I feel like some sort of similar discussion once arose before but I can't find it, so I'm going to start a new one, plus I think there are some new regulars so this should be fun.

What plant obsessions/plant related hobbies did you start off with, and are these pleasures still alive or has the space been taken by the orchids? Has it always been orchids and orchids only? Or perhaps you are already a yard gardener on the side, and if so, what other plant family/type also deserves the same reverence and attention as the orchids in your heart? Tell us your life story with the plants!

Anyway here's my plant life story. I started getting into plants planting bulbs with my mom when I was around 6...since then I've always been incredibly fond of bulbs and other perennials. (Recently I've grown less interested in bulbs though, because I find that they are so transient..I still plant some each year...trying to force some tulips for the first time ever this winter!) As I grew up I tried planting all sorts of different kinds of seeds...apples, pears, beans, oranges etc. I was and still am very interested in the branch of gardening involving plant propagation. However, I often think of my gardening passions as being stunted in development, because I spent my life moving around a whole lot, once every 2 years. The garden was either someone else's (when we rented), nonexistent (when we were in apartments and condos) or untouchable (apparently some land lords really like their lawns). Anyway I ended up finding an outlet in books, and I would read and buy tons of gardening books even though I would never actually be able to use the knowledge. I had brief encounters with orchids throughout my youth but I never really cared for them much (I let a phal roast in our home during the summer with no water and direct light for a month...I also remember going to my aunt's house, where she would have masses of fresh potted white phals delivered every month, and I would have fun pulling the buds off and rolling them around on the floor like marbles...*gasp*)

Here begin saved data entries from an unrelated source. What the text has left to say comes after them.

(* Let $A=[a_1,\dots,a_N]\in\mathbb{C}^{n\times N}$ be a random matrix with i.i.d. entries distributed as $N(0,1)+iN(0,1)$, let $x_0\in\mathbb{C}^n$ with $\|x_0\|=1$, and $b(j)=|a_j^*x_0|$. Let $I\subset\{1,\dots,N\}$ be such that $b(i)\le b(j)$ for all $i\in I$, $j\notin I$, with $|I|<N$. Define $\tau_*=-2\ln(1-|I|/N)$, $\hat I=\{i: b(i)^2\le\tau_*\}$, and let $\tau_1\le\tau_2\le\dots\le\tau_N$ be the values $b(1)^2,\dots,b(N)^2$ sorted in increasing order. Then: (i) For any $\delta>0$, $\tau_{|I|}\le\tau_*+\delta$ with probability at least \[ 1-\exp\left(-\frac N2\delta^2e^{-\delta}\left|1-|I|/N\right|^2\right). \] (ii) For each $\epsilon>0$, $|\hat I|\ge|I|(1-\epsilon)$, or equivalently $\tau_{\lfloor|I|(1-\epsilon)\rfloor}\le\tau_*$, with probability at least \[ 1-2\exp\left(-4\epsilon^2\left|1-|I|/N\right|^2|I|^2/N\right). \]
   Context: $A^*$ denotes conjugate transpose. Under these assumptions each $b(i)^2$ has the distribution function $F(\tau)=1-\exp(-\tau/2)$, so that $F(\tau_* )=|I|/N$. *)

theory Defs
  imports "HOL-Probability.Probability"
begin

text \<open>Columns a_j of A are indexed by j < N (0-based), rows by k < n.
  b(j) = |a_j^* x0| = cmod (sum_k conj(A k j) * x0 k).\<close>
definition bval :: "nat \<Rightarrow> (nat \<Rightarrow> nat \<Rightarrow> 'a \<Rightarrow> complex) \<Rightarrow> (nat \<Rightarrow> complex) \<Rightarrow> nat \<Rightarrow> 'a \<Rightarrow> real" where
  "bval n A x0 j \<omega> = cmod (\<Sum>k<n. cnj (A k j \<omega>) * x0 k)"

text \<open>Order statistic, 1-indexed: ord_stat xs k is the k-th smallest entry of xs (k \<ge> 1).\<close>
definition ord_stat :: "real list \<Rightarrow> nat \<Rightarrow> real" where
  "ord_stat xs k = sort xs ! (k - 1)"

definition tau :: "nat \<Rightarrow> nat \<Rightarrow> (nat \<Rightarrow> nat \<Rightarrow> 'a \<Rightarrow> complex) \<Rightarrow> (nat \<Rightarrow> complex) \<Rightarrow> nat \<Rightarrow> 'a \<Rightarrow> real" where
  "tau n N A x0 k \<omega> = ord_stat (map (\<lambda>j. (bval n A x0 j \<omega>)\<^sup>2) [0..<N]) k"

definition tau_star :: "nat \<Rightarrow> nat \<Rightarrow> real" where
  "tau_star m N = - 2 * ln (1 - real m / real N)"

definition Ihat :: "nat \<Rightarrow> nat \<Rightarrow> nat \<Rightarrow> (nat \<Rightarrow> nat \<Rightarrow> 'a \<Rightarrow> complex) \<Rightarrow> (nat \<Rightarrow> complex) \<Rightarrow> 'a \<Rightarrow> nat set" where
  "Ihat n N m A x0 \<omega> = {i \<in> {..<N}. (bval n A x0 i \<omega>)\<^sup>2 \<le> tau_star m N}"

end

theory Submission
  imports Defs
begin

text \<open>Each \<open>b(j)\<^sup>2\<close> is the squared norm of a standard complex Gaussian: rotating every entry
  of the column \<open>a\<^sub>j\<close> by the phase of the corresponding entry of \<open>x\<^sub>0\<close> turns \<open>a\<^sub>j\<^sup>* x\<^sub>0\<close> into
  \<open>U - i V\<close> with \<open>U, V\<close> independent standard normals, so \<open>P(b(j)\<^sup>2 \<le> t) = 1 - exp (- t / 2)\<close>,
  and distinct columns are independent. Hence the number of \<open>j\<close> with \<open>b(j)\<^sup>2 \<le> c\<close> is
  binomial, and both claims are lower-tail Chernoff bounds for it: (i) with \<open>c = \<tau>\<^sub>* + \<delta>\<close>,
  since \<open>\<tau>\<^bsub>|I|\<^esub> \<le> c\<close> iff at least \<open>|I|\<close> of the values are \<open>\<le> c\<close>, and (ii) with \<open>c = \<tau>\<^sub>*\<close>,
  where the success probability is exactly \<open>|I|/N\<close>. Only the cardinality \<open>m\<close> of \<open>I\<close> matters.\<close>

section \<open>A Chernoff bound for counts of independent events\<close>

lemma bernoulli_mgf_pos:
  fixes p :: real
  assumes "0 \<le> p" "p \<le> 1"
  shows "0 < 1 - p + p * exp x"
proof (cases "p = 1")
  case False
  with assms show ?thesis by (simp add: add_pos_nonneg)
qed simp

text \<open>The second derivative of the logarithm of the moment generating function is \<open>r (1 - r)\<close>,
  where \<open>r \<in> [0, p]\<close> is the success probability of the exponentially tilted Bernoulli law.\<close>

lemma ln_bernoulli_mgf_le:
  fixes p V l :: real
  assumes p: "0 \<le> p" "p \<le> 1" and V: "\<And>r. 0 \<le> r \<Longrightarrow> r \<le> p \<Longrightarrow> r * (1 - r) \<le> V"
    and l: "0 \<le> l"
  shows "ln (1 - p + p * exp (- l)) \<le> - p * l + V * l\<^sup>2 / 2"
proof -
  define q where "q = (\<lambda>x::real. 1 - p + p * exp (- x))"
  define r where "r = (\<lambda>x. p * exp (- x) / q x)"
  have q_pos: "q x > 0" for x
    unfolding q_def using bernoulli_mgf_pos[OF p] .
  have r_range: "0 \<le> r x \<and> r x \<le> p" if "0 \<le> x" for x
  proof -
    have "p * exp (- x) \<le> p * exp (- x) + p * (1 - p) * (1 - exp (- x))"
      using p that by (intro add_increasing2) (auto intro!: mult_nonneg_nonneg)
    then have "p * exp (- x) \<le> p * q x" by (simp add: q_def algebra_simps)
    then show ?thesis using q_pos[of x] p unfolding r_def
      by (auto simp: divide_le_eq intro!: divide_nonneg_pos)
  qed
  define g' where "g' = (\<lambda>x. - p + V * x + r x)"
  define g where "g = (\<lambda>x. - p * x + V * x\<^sup>2 / 2 - ln (q x))"
  have dr: "(r has_real_derivative (- r x * (1 - r x))) (at x)" for x
  proof -
    have "(r has_real_derivative
        (p * (- exp (- x)) * q x - p * exp (- x) * (p * (- exp (- x)))) / (q x)\<^sup>2) (at x)"
      unfolding r_def q_def using q_pos[of x, unfolded q_def]
      by (auto intro!: derivative_eq_intros simp: power2_eq_square)
    moreover have "(p * (- exp (- x)) * q x - p * exp (- x) * (p * (- exp (- x)))) / (q x)\<^sup>2
        = - r x * (1 - r x)"
      unfolding r_def using q_pos[of x] by (simp add: divide_simps power2_eq_square q_def)
        (simp add: algebra_simps)
    ultimately show ?thesis by simp
  qed
  have dg': "(g' has_real_derivative (V - r x * (1 - r x))) (at x)" for x
    unfolding g'_def by (auto intro!: derivative_eq_intros dr)
  have dg: "(g has_real_derivative g' x) (at x)" for x
  proof -
    have "(g has_real_derivative (- p + V * x - (p * (- exp (- x))) / q x)) (at x)"
      unfolding g_def q_def using q_pos[of x, unfolded q_def] by (auto intro!: derivative_eq_intros)
    then show ?thesis by (simp add: g'_def r_def)
  qed
  have "g' 0 \<le> g' x" if "0 \<le> x" for x
    by (rule DERIV_nonneg_imp_nondecreasing[OF that]) (use dg' V r_range in force)
  moreover have "g' 0 = 0" unfolding g'_def r_def q_def by simp
  ultimately have "g 0 \<le> g l"
    by (intro DERIV_nonneg_imp_nondecreasing[OF l]) (use dg in force)
  moreover have "g 0 = 0" unfolding g_def q_def by simp
  ultimately show ?thesis unfolding g_def q_def by simp
qed

lemma bernoulli_mgf_le:
  fixes p V l :: real
  assumes p: "0 \<le> p" "p \<le> 1" and V: "\<And>r. 0 \<le> r \<Longrightarrow> r \<le> p \<Longrightarrow> r * (1 - r) \<le> V"
    and l: "0 \<le> l"
  shows "1 - p * (1 - exp (- l)) \<le> exp (- p * l + V * l\<^sup>2 / 2)"
proof -
  have "1 - p * (1 - exp (- l)) = exp (ln (1 - p + p * exp (- l)))"
    using bernoulli_mgf_pos[OF p] by (simp add: algebra_simps)
  also have "\<dots> \<le> exp (- p * l + V * l\<^sup>2 / 2)"
    using ln_bernoulli_mgf_le[OF p V l] by simp
  finally show ?thesis .
qed

lemma (in prob_space) prob_ge_ge_one_minus_prob_le:
  fixes f :: "'a \<Rightarrow> real"
  assumes f: "f \<in> borel_measurable M"
  shows "prob {\<omega> \<in> space M. a \<le> f \<omega>} \<ge> 1 - prob {\<omega> \<in> space M. f \<omega> \<le> a}"
proof -
  have "{\<omega> \<in> space M. a \<le> f \<omega>} = space M - {\<omega> \<in> space M. f \<omega> < a}"
    by auto
  then have "prob {\<omega> \<in> space M. a \<le> f \<omega>} = 1 - prob {\<omega> \<in> space M. f \<omega> < a}"
    using f by (simp add: prob_compl)
  moreover have "prob {\<omega> \<in> space M. f \<omega> < a} \<le> prob {\<omega> \<in> space M. f \<omega> \<le> a}"
    using f by (intro finite_measure_mono) auto
  ultimately show ?thesis by simp
qed

lemma (in prob_space) nn_integral_exp_bernoulli:
  assumes X: "random_variable borel X" and X01: "\<And>\<omega>. \<omega> \<in> space M \<Longrightarrow> X \<omega> \<in> {0, 1}"
  shows "(\<integral>\<^sup>+\<omega>. ennreal (exp (- l * X \<omega>)) \<partial>M)
           = ennreal (1 - (1 - exp (- l)) * prob {\<omega> \<in> space M. X \<omega> = 1})"
proof -
  define E where "E = {\<omega> \<in> space M. X \<omega> = 1}"
  have E: "E \<in> events" unfolding E_def using X by measurable
  have "(\<integral>\<^sup>+\<omega>. ennreal (exp (- l * X \<omega>)) \<partial>M)
      = (\<integral>\<^sup>+\<omega>. ennreal (exp (- l)) * indicator E \<omega> + indicator (space M - E) \<omega> \<partial>M)"
    by (intro nn_integral_cong) (use X01 in \<open>auto simp: E_def indicator_def\<close>)
  also have "\<dots> = ennreal (exp (- l)) * emeasure M E + emeasure M (space M - E)"
    using E by (subst nn_integral_add) (auto simp: nn_integral_cmult)
  also have "\<dots> = ennreal (exp (- l) * prob E + (1 - prob E))"
    using E by (simp add: emeasure_eq_measure prob_compl ennreal_mult[symmetric]
        ennreal_plus[symmetric] del: ennreal_plus)
  also have "exp (- l) * prob E + (1 - prob E) = 1 - (1 - exp (- l)) * prob E"
    by (simp add: algebra_simps)
  finally show ?thesis unfolding E_def .
qed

And then everything changed 5 years ago when I moved to Canada. I volunteered at a flower show and got my first two phals dirt cheap. Since then, things have gotten out of hand. I think the main factor is that here was finally a group of plants which I could grow no matter where I lived. Not only this but they were challenging to grow and rewarding when they flowered or thrived. I blame my suppressed childhood which I think has imprinted a permanent aversion to anything that needs to be planted outside and allowed to mature over years. Maybe that's what triggered the bug! Anyway, since 2 years ago my family acquired a permanent address here and I've been able to play around in the yard planting things that I will likely still see in 2 or 5 years. I stopped obsessing over ordering a thousand gardening magazines or buying truckloads of books, since I realized that a) most of them are in fact exactly the same, and b) when you have a small yard, you become picky about what you plant, so those books are just too broad and c)looking at those acreages of gardens in those magazines just makes me envious and bitter!

I did experience a lessening of the orchid affliction, but it came back in full force with our recent discussions about lights and more refined climate control indoors. Things I could never grow before are now possible. I'm pretty excited because there's a whole world still out there and hopefully one day once I'm better off financially, my day dreaming can become reality! For now, I'll settle for my few CFLs and computer fan. :) I'm only 22 so hopefully there will be many more years of orchid fun coming up!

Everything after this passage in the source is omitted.